- Requirement -
Your answer must be the lines of the entries below, exactly as written, from the first line through the line containing "unfolding normM_def by".

- Extracted entries -
+ + + + +

lemma alpha_products_in_span_Cc:
  "F \<in> alpha_products act \<Longrightarrow> (\<lambda>g x. complex_of_real (F (x, g))) \<in> span_Cc act"
proof (induction F rule: alpha_products.induct)
  case (basic a b)
  then show ?case
    unfolding span_Cc_def
    by (intro CollectI exI[of _ 1] exI[of _ "\<lambda>_. 1"] exI[of _ "\<lambda>_ x. complex_of_real (a x)"]
        exI[of _ "\<lambda>_ x. complex_of_real (b x)"] conjI allI impI Cc_of_real)
      (simp_all add: alpha_prod_def)
next
  case (add F G)
  then show ?case
    using span_Cc_add by fastforce
next
  case (scale F c)
  then show ?case
    using span_Cc_scale[of _ act "complex_of_real c"] by fastforce
qed

lemma span_Cc_fixed_point:
  assumes "act x 0 = x" "act x g = x" "v \<in> span_Cc act"
  shows "v g x = v 0 x"
  using assms by (auto simp: span_Cc_def alpha_prod_def)
lemma SPD_matrix_inv_symmetric:
  assumes "SPD M"
  shows "transpose (matrix_inv M) = matrix_inv M"
proof -
  note inv = invertible_matrix_inv[OF SPD_invertible[OF assms]]
  have "transpose (matrix_inv M) = transpose (matrix_inv M) ** (M ** matrix_inv M)"
    using inv by simp
  also have "\<dots> = transpose (M ** matrix_inv M) ** matrix_inv M"
    by (simp add: matrix_mul_assoc matrix_transpose_mul SPD_symmetric[OF assms])
  finally show ?thesis
    using inv by simp
qed

lemma sq_normM_nonneg: "SPD M \<Longrightarrow> 0 \<le> sq_normM M v"
  unfolding SPD_def sq_normM_def by (cases "v = 0") (auto intro: less_imp_le)

lemma normM_power2: "SPD M \<Longrightarrow> (normM M v)\<^sup>2 = sq_normM M v"
  unfolding normM_def by (simp add: sq_normM_nonneg)

lemma sq_normM_scaleR: "sq_normM M (c *\<^sub>R v) = c\<^sup>2 * sq_normM M v"
  unfolding sq_normM_def by (simp add: matrix_vector_mult_scaleR power2_eq_square)

lemma sq_normM_minus_commute: "sq_normM M (x - y) = sq_normM M (y - x)"
  using sq_normM_scaleR[of M "-1" "y - x"] by simp

lemma sq_normM_diff:
  assumes "transpose M = M"
  shows "sq_normM M a - sq_normM M b = 2 * ((M *v a) \<bullet> (a - b)) - sq_normM M (a - b)"
  using symmetric_matrix_inner_swap[OF assms, of b a]
  unfolding sq_normM_def
  by (simp add: matrix_vector_mult_diff_distrib inner_diff_left inner_diff_right)

lemma SPD_matrix_inv_nonneg:
  assumes "SPD M"
  shows "0 \<le> (matrix_inv M *v v) \<bullet> v"
proof -
  have "M *v (matrix_inv M *v v) = v"
    by (simp add: matrix_vector_mul_assoc invertible_matrix_inv SPD_invertible[OF assms])
  then have "(matrix_inv M *v v) \<bullet> v = sq_normM M (matrix_inv M *v v)"
    unfolding sq_normM_def by (simp add: inner_commute)
  then show ?thesis
    using sq_normM_nonneg[OF assms] by simp
qed

lemma SPD_matrix_inv_Young:
  assumes "SPD M" and "0 < c"
  shows "- (c / 2 * ((matrix_inv M *v a) \<bullet> a)) - 1 / (2 * c) * ((matrix_inv M *v b) \<bullet> b)
           \<le> (matrix_inv M *v a) \<bullet> b"
proof -
  let ?q = "\<lambda>v. (matrix_inv M *v v) \<bullet> v"
  have swap: "(matrix_inv M *v b) \<bullet> a = (matrix_inv M *v a) \<bullet> b"
    by (rule symmetric_matrix_inner_swap[OF SPD_matrix_inv_symmetric[OF assms(1)]])
  have "0 \<le> ?q (c *\<^sub>R a + b)"
    by (rule SPD_matrix_inv_nonneg[OF assms(1)])
  also have "\<dots> = c\<^sup>2 * ?q a + 2 * c * ((matrix_inv M *v a) \<bullet> b) + ?q b"
    using swap by (simp add: matrix_vector_right_distrib matrix_vector_mult_scaleR
        inner_add_left inner_add_right power2_eq_square algebra_simps)
  finally show ?thesis
    using assms(2) by (simp add: field_simps power2_eq_square)
qed

lemma bregman_symmetrized:
  "bregman g gg y x + bregman g gg x y = (gg y - gg x) \<bullet> (y - x)"
  unfolding bregman_def by (simp add: algebra_simps inner_diff_left inner_diff_right)

lemma convex_on_line:
  fixes h :: "'a::real_vector \<Rightarrow> real"
  assumes "convex_on UNIV h"
  shows "convex_on UNIV (\<lambda>t::real. h (x + t *\<^sub>R v))"
proof (rule convex_onI)
  fix t s r :: real
  assume "0 < t" "t < 1"
  have "x + ((1 - t) *\<^sub>R s + t *\<^sub>R r) *\<^sub>R v = (1 - t) *\<^sub>R (x + s *\<^sub>R v) + t *\<^sub>R (x + r *\<^sub>R v)"
    by (simp add: algebra_simps)
  then show "h (x + ((1 - t) *\<^sub>R s + t *\<^sub>R r) *\<^sub>R v) \<le> (1 - t) * h (x + s *\<^sub>R v) + t * h (x + r *\<^sub>R v)"
    using convex_onD[OF assms, of t] \<open>0 < t\<close> \<open>t < 1\<close> by simp
qed simp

+ + + + +

- Response area -
lemma alpha_products_in_span_Cc:
  "F \<in> alpha_products act \<Longrightarrow> (\<lambda>g x. complex_of_real (F (x, g))) \<in> span_Cc act"
proof (induction F rule: alpha_products.induct)
  case (basic a b)
  then show ?case
    unfolding span_Cc_def
    by (intro CollectI exI[of _ 1] exI[of _ "\<lambda>_. 1"] exI[of _ "\<lambda>_ x. complex_of_real (a x)"]
        exI[of _ "\<lambda>_ x. complex_of_real (b x)"] conjI allI impI Cc_of_real)
      (simp_all add: alpha_prod_def)
next
  case (add F G)
  then show ?case
    using span_Cc_add by fastforce
next
  case (scale F c)
  then show ?case
    using span_Cc_scale[of _ act "complex_of_real c"] by fastforce
qed

lemma span_Cc_fixed_point:
  assumes "act x 0 = x" "act x g = x" "v \<in> span_Cc act"
  shows "v g x = v 0 x"
  using assms by (auto simp: span_Cc_def alpha_prod_def)
lemma SPD_matrix_inv_symmetric:
  assumes "SPD M"
  shows "transpose (matrix_inv M) = matrix_inv M"
proof -
  note inv = invertible_matrix_inv[OF SPD_invertible[OF assms]]
  have "transpose (matrix_inv M) = transpose (matrix_inv M) ** (M ** matrix_inv M)"
    using inv by simp
  also have "\<dots> = transpose (M ** matrix_inv M) ** matrix_inv M"
    by (simp add: matrix_mul_assoc matrix_transpose_mul SPD_symmetric[OF assms])
  finally show ?thesis
    using inv by simp
qed

lemma sq_normM_nonneg: "SPD M \<Longrightarrow> 0 \<le> sq_normM M v"
  unfolding SPD_def sq_normM_def by (cases "v = 0") (auto intro: less_imp_le)

lemma normM_power2: "SPD M \<Longrightarrow> (normM M v)\<^sup>2 = sq_normM M v"
  unfolding normM_def by (simp add: sq_normM_nonneg)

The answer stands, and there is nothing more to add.